If you think you have burst appendix symptoms, get to the emergency room immediately. A burst appendix can cause bacteria to travel throughout the body, leading to life-threatening complications.
The Dangers of Appendicitis
The appendix is a small, finger-like appendage found at the entrance to the large intestine. It is located in the lower, right-hand side of the abdomen. If the opening from the appendix to the large intestine becomes blocked, the appendix swells due to a buildup of bacteria. If appendicitis is not treated, the appendix explodes, spreading bacteria throughout the abdominal cavity, where it starts to attack other organs.
Though scientists do not know exactly the part the appendix plays in the body, it has been found that removal of the appendix does not affect a patient's health. No changes to diet or lifestyle are needed if your appendix is removed.
In the first stages of appendicitis disease, a dull pain that is difficult to locate appears in the abdomen. Over the course of the next 24 to 72 hours, this pain becomes stronger and more localized as the appendix swells.
If the appendix bursts, the localized pain will be replaced with pain throughout the abdomen. From this point, there can be a variety of symptoms. Nausea, vomiting and fever are all common. Severe cramps can occur if the bacteria attack the intestines. Sepsis, a life-threatening infection of the blood, can occur if bacteria enters the bloodstream.
If appendicitis is caught in the very early stages, treatment with antibiotics and anti-inflammatories can sometimes stop the swelling and reverse the infection. If the swelling is severe or the appendix has burst, the only treatment is to remove the appendix. Depending on the circumstances, the patient may be treated with antibiotics before the surgery and after the surgery.

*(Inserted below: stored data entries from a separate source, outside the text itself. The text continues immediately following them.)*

(* Let $\langle\mathcal G,\widehat{\mathcal P}\rangle$ be a $2\frac12$-player parity game with $\widehat{\mathcal P}=\langle\widehat B_1,\dots,\widehat B_\ell\rangle$, and let $v^0$ be a vertex of $\mathcal G$. Suppose $\pi_0^*$ is a deterministic memoryless strategy of Player 0 such that $\inf_{\pi_1}P_{v^0}^{\pi_0^*,\pi_1}(\mathcal G\models\mathit{Parity}(\widehat{\mathcal P}))=1$, the infimum ranging over all strategies $\pi_1$ of Player 1. Then for every finite run $v^0\dots v^n\in V^*$ for which there exists a Player 1 strategy $\pi_1$ with $P_{v^0}^{\pi_0^*,\pi_1}(\mathcal G\models v^0\dots v^n)>0$, and for every odd $i\in\{1,\dots,\ell\}$, $$v^n\in\widehat B_i\implies\inf_{\pi_1}P_{v^n}^{\pi_0^*,\pi_1}\Big(\mathcal G\models\lozenge\lozenge\big(\square\neg\widehat B_i\vee\textstyle\bigvee_{j\text{ even},\,j\in\{i+1,\dots,\ell\}}\widehat B_j\big)\Big)=1.$$
   Context: A $2\frac12$-player game graph is $\mathcal G=\langle V,E,\langle V_0,V_1,V_r\rangle\rangle$ with $V$ finite, $E\subseteq V\times V$, and $V_0,V_1,V_r$ a partition of $V$; at $V_0$ (resp. $V_1$) vertices Player 0 (resp. Player 1) chooses a successor, at $V_r$ vertices the successor is chosen uniformly at random among the successors. Strategies of Player $i$ are maps $\pi_i:V^*V_i\to\mathit{Dist}(V)$ supported on successors of the last vertex; deterministic memoryless strategies choose a single successor depending only on the current vertex. $P_v^{\pi_0,\pi_1}$ is the induced probability measure on infinite runs from $v$, and $P_{v^0}^{\pi_0,\pi_1}(\mathcal G\models v^0\dots v^n)$ is the probability that the run begins with $v^0\dots v^n$. A $2\frac12$-player parity game is $\langle\mathcal G,\widehat{\mathcal P}\rangle$ with $\widehat{\mathcal P}=\langle\widehat B_1,\dots,\widehat B_\ell\rangle$ disjoint (possibly empty) subsets of $V$, such that every infinite run visits some nonempty $\widehat B_i$ infinitely often. A run satisfies $\mathit{Parity}(\widehat{\mathcal P})$ iff for every odd $i$, if it visits $\widehat B_i$ infinitely often then it visits $\widehat B_j$ infinitely often for some even $j\in\{i+1,\dots,\ell\}$. Temporal operators $\lozenge,\square$ have standard LTL semantics on runs. *)

theory Defs
  imports "HOL-Probability.Probability" "HOL-Library.Linear_Temporal_Logic_on_Streams"
begin

definition game_graph :: "('v::finite \<times> 'v) set \<Rightarrow> 'v set \<Rightarrow> 'v set \<Rightarrow> 'v set \<Rightarrow> bool" where
  "game_graph E V0 V1 Vr \<longleftrightarrow>
     V0 \<union> V1 \<union> Vr = UNIV \<and> V0 \<inter> V1 = {} \<and> V0 \<inter> Vr = {} \<and> V1 \<inter> Vr = {}
     \<and> (\<forall>v. E `` {v} \<noteq> {})"

definition strategy :: "('v \<times> 'v) set \<Rightarrow> 'v set \<Rightarrow> ('v list \<Rightarrow> 'v pmf) \<Rightarrow> bool" where
  "strategy E Vi \<pi> \<longleftrightarrow> (\<forall>h. h \<noteq> [] \<longrightarrow> last h \<in> Vi \<longrightarrow> set_pmf (\<pi> h) \<subseteq> E `` {last h})"

definition det_memoryless :: "('v \<times> 'v) set \<Rightarrow> 'v set \<Rightarrow> ('v list \<Rightarrow> 'v pmf) \<Rightarrow> bool" where
  "det_memoryless E Vi \<pi> \<longleftrightarrow> strategy E Vi \<pi> \<and>
     (\<exists>f. \<forall>h. h \<noteq> [] \<longrightarrow> last h \<in> Vi \<longrightarrow> \<pi> h = return_pmf (f (last h)))"

definition next_pmf :: "('v \<times> 'v) set \<Rightarrow> 'v set \<Rightarrow> 'v set \<Rightarrow> ('v list \<Rightarrow> 'v pmf)
     \<Rightarrow> ('v list \<Rightarrow> 'v pmf) \<Rightarrow> 'v list \<Rightarrow> 'v pmf" where
  "next_pmf E V0 V1 \<pi>0 \<pi>1 h =
     (if last h \<in> V0 then \<pi>0 h else if last h \<in> V1 then \<pi>1 h else pmf_of_set (E `` {last h}))"

definition prefix_prob :: "('v \<times> 'v) set \<Rightarrow> 'v set \<Rightarrow> 'v set \<Rightarrow> ('v list \<Rightarrow> 'v pmf)
     \<Rightarrow> ('v list \<Rightarrow> 'v pmf) \<Rightarrow> 'v \<Rightarrow> 'v list \<Rightarrow> real" where
  "prefix_prob E V0 V1 \<pi>0 \<pi>1 v xs =
     (if xs = [] then 1
      else if hd xs \<noteq> v then 0
      else (\<Prod>k<length xs - 1. pmf (next_pmf E V0 V1 \<pi>0 \<pi>1 (take (Suc k) xs)) (xs ! Suc k)))"

text \<open>The induced probability measure P_v^{pi0,pi1} on infinite runs (streams), characterised
  as the unique probability measure on the product sigma-algebra with the given cylinder
  probabilities.\<close>
definition play_measure :: "('v::finite \<times> 'v) set \<Rightarrow> 'v set \<Rightarrow> 'v set \<Rightarrow> ('v list \<Rightarrow> 'v pmf)
     \<Rightarrow> ('v list \<Rightarrow> 'v pmf) \<Rightarrow> 'v \<Rightarrow> 'v stream measure" where
  "play_measure E V0 V1 \<pi>0 \<pi>1 v =
     (THE M. prob_space M \<and> sets M = sets (stream_space (count_space UNIV)) \<and>
        (\<forall>xs. measure M {\<omega> \<in> space M. stake (length xs) \<omega> = xs} = prefix_prob E V0 V1 \<pi>0 \<pi>1 v xs))"

definition is_run :: "('v \<times> 'v) set \<Rightarrow> 'v stream \<Rightarrow> bool" where
  "is_run E \<omega> \<longleftrightarrow> (\<forall>k. (\<omega> !! k, \<omega> !! Suc k) \<in> E)"

definition parity_game :: "('v \<times> 'v) set \<Rightarrow> (nat \<Rightarrow> 'v set) \<Rightarrow> nat \<Rightarrow> bool" where
  "parity_game E B l \<longleftrightarrow>
     (\<forall>i\<in>{1..l}. \<forall>j\<in>{1..l}. i \<noteq> j \<longrightarrow> B i \<inter> B j = {}) \<and>
     (\<forall>\<omega>. is_run E \<omega> \<longrightarrow> (\<exists>i\<in>{1..l}. B i \<noteq> {} \<and> alw (ev (holds (\<lambda>x. x \<in> B i))) \<omega>))"

definition Parity :: "(nat \<Rightarrow> 'v set) \<Rightarrow> nat \<Rightarrow> 'v stream \<Rightarrow> bool" where
  "Parity B l \<omega> \<longleftrightarrow>
     (\<forall>i\<in>{1..l}. odd i \<longrightarrow> alw (ev (holds (\<lambda>x. x \<in> B i))) \<omega> \<longrightarrow>
        (\<exists>j\<in>{i+1..l}. even j \<and> alw (ev (holds (\<lambda>x. x \<in> B j))) \<omega>))"

end

theory Submission
  imports Defs
begin

text \<open>
  Fix a strategy \<open>\<pi>\<^sub>1\<close> of Player 1 and a prefix \<open>xs\<close> that has positive probability under some
  strategy \<open>\<pi>\<^sub>1\<^sup>w\<close>. Splice the two: play \<open>\<pi>\<^sub>1\<^sup>w\<close> until the history has left \<open>butlast xs\<close>
  behind, and from then on play \<open>\<pi>\<^sub>1\<close> on the part of the history after it. Since \<open>\<pi>\<^sub>0\<close> is
  memoryless, the play from \<open>last xs\<close> under \<open>\<pi>\<^sub>1\<close> is distributed as the suffix of the play from
  \<open>v\<^sup>0\<close> under the spliced strategy, conditioned on the cylinder of \<open>xs\<close>. Conditioning on an event of
  positive probability preserves almost sure properties, and the parity condition is almost sure
  from \<open>v\<^sup>0\<close>. Finally, a run satisfying parity cannot have a suffix that visits an odd set \<open>B i\<close>
  infinitely often while never visiting a larger even set.
\<close>

section \<open>Run distributions of history-dependent processes\<close>

definition cylinder_prob :: "('v list \<Rightarrow> 'v pmf) \<Rightarrow> 'v \<Rightarrow> 'v list \<Rightarrow> real" where
  "cylinder_prob D v xs =
     (if xs = [] then 1
      else if hd xs \<noteq> v then 0
      else (\<Prod>k<length xs - 1. pmf (D (take (Suc k) xs)) (xs ! Suc k)))"

definition run_distribution :: "('v list \<Rightarrow> 'v pmf) \<Rightarrow> 'v \<Rightarrow> 'v stream measure \<Rightarrow> bool" where
  "run_distribution D v M \<longleftrightarrow>
     prob_space M \<and> sets M = sets (stream_space (count_space UNIV)) \<and>
     (\<forall>xs. measure M {\<omega> \<in> space M. stake (length xs) \<omega> = xs} = cylinder_prob D v xs)"

lemma prefix_prob_eq_cylinder_prob:
  "prefix_prob E V0 V1 \<pi>0 \<pi>1 v xs = cylinder_prob (next_pmf E V0 V1 \<pi>0 \<pi>1) v xs"
  unfolding prefix_prob_def cylinder_prob_def by simp

lemma cylinder_prob_cong:
  assumes "\<And>h. length h < length xs \<Longrightarrow> D h = D' h"
  shows "cylinder_prob D v xs = cylinder_prob D' v xs"
  unfolding cylinder_prob_def using assms by (intro if_cong refl prod.cong) auto

lemma Collect_stake_eq_sstart: "{\<omega>. stake (length xs) \<omega> = xs} = sstart UNIV xs"
proof -
  have "stake (length xs) \<omega> = xs \<longleftrightarrow> (\<forall>i<length xs. \<omega> !! i = xs ! i)" for \<omega>
    by (metis length_stake nth_equalityI stake_nth)
  then show ?thesis
    using sstart_eq[of _ UNIV xs] by auto
qed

Laparoscopic surgery, which uses a much smaller incision and a tiny camera, can be used if the appendix has not burst. After the appendix bursts, regular abdominal surgery is generally performed to survey any bacterial damage to other organs.
Once the appendectomy is completed, the patient usually stays on antibiotics and stays in the hospital for two to three days, depending on the speed of recovery. If the bacteria spread into the rest of the body, the hospital stay may be longer than two to three days, to ensure that there are no other complications from the burst appendix.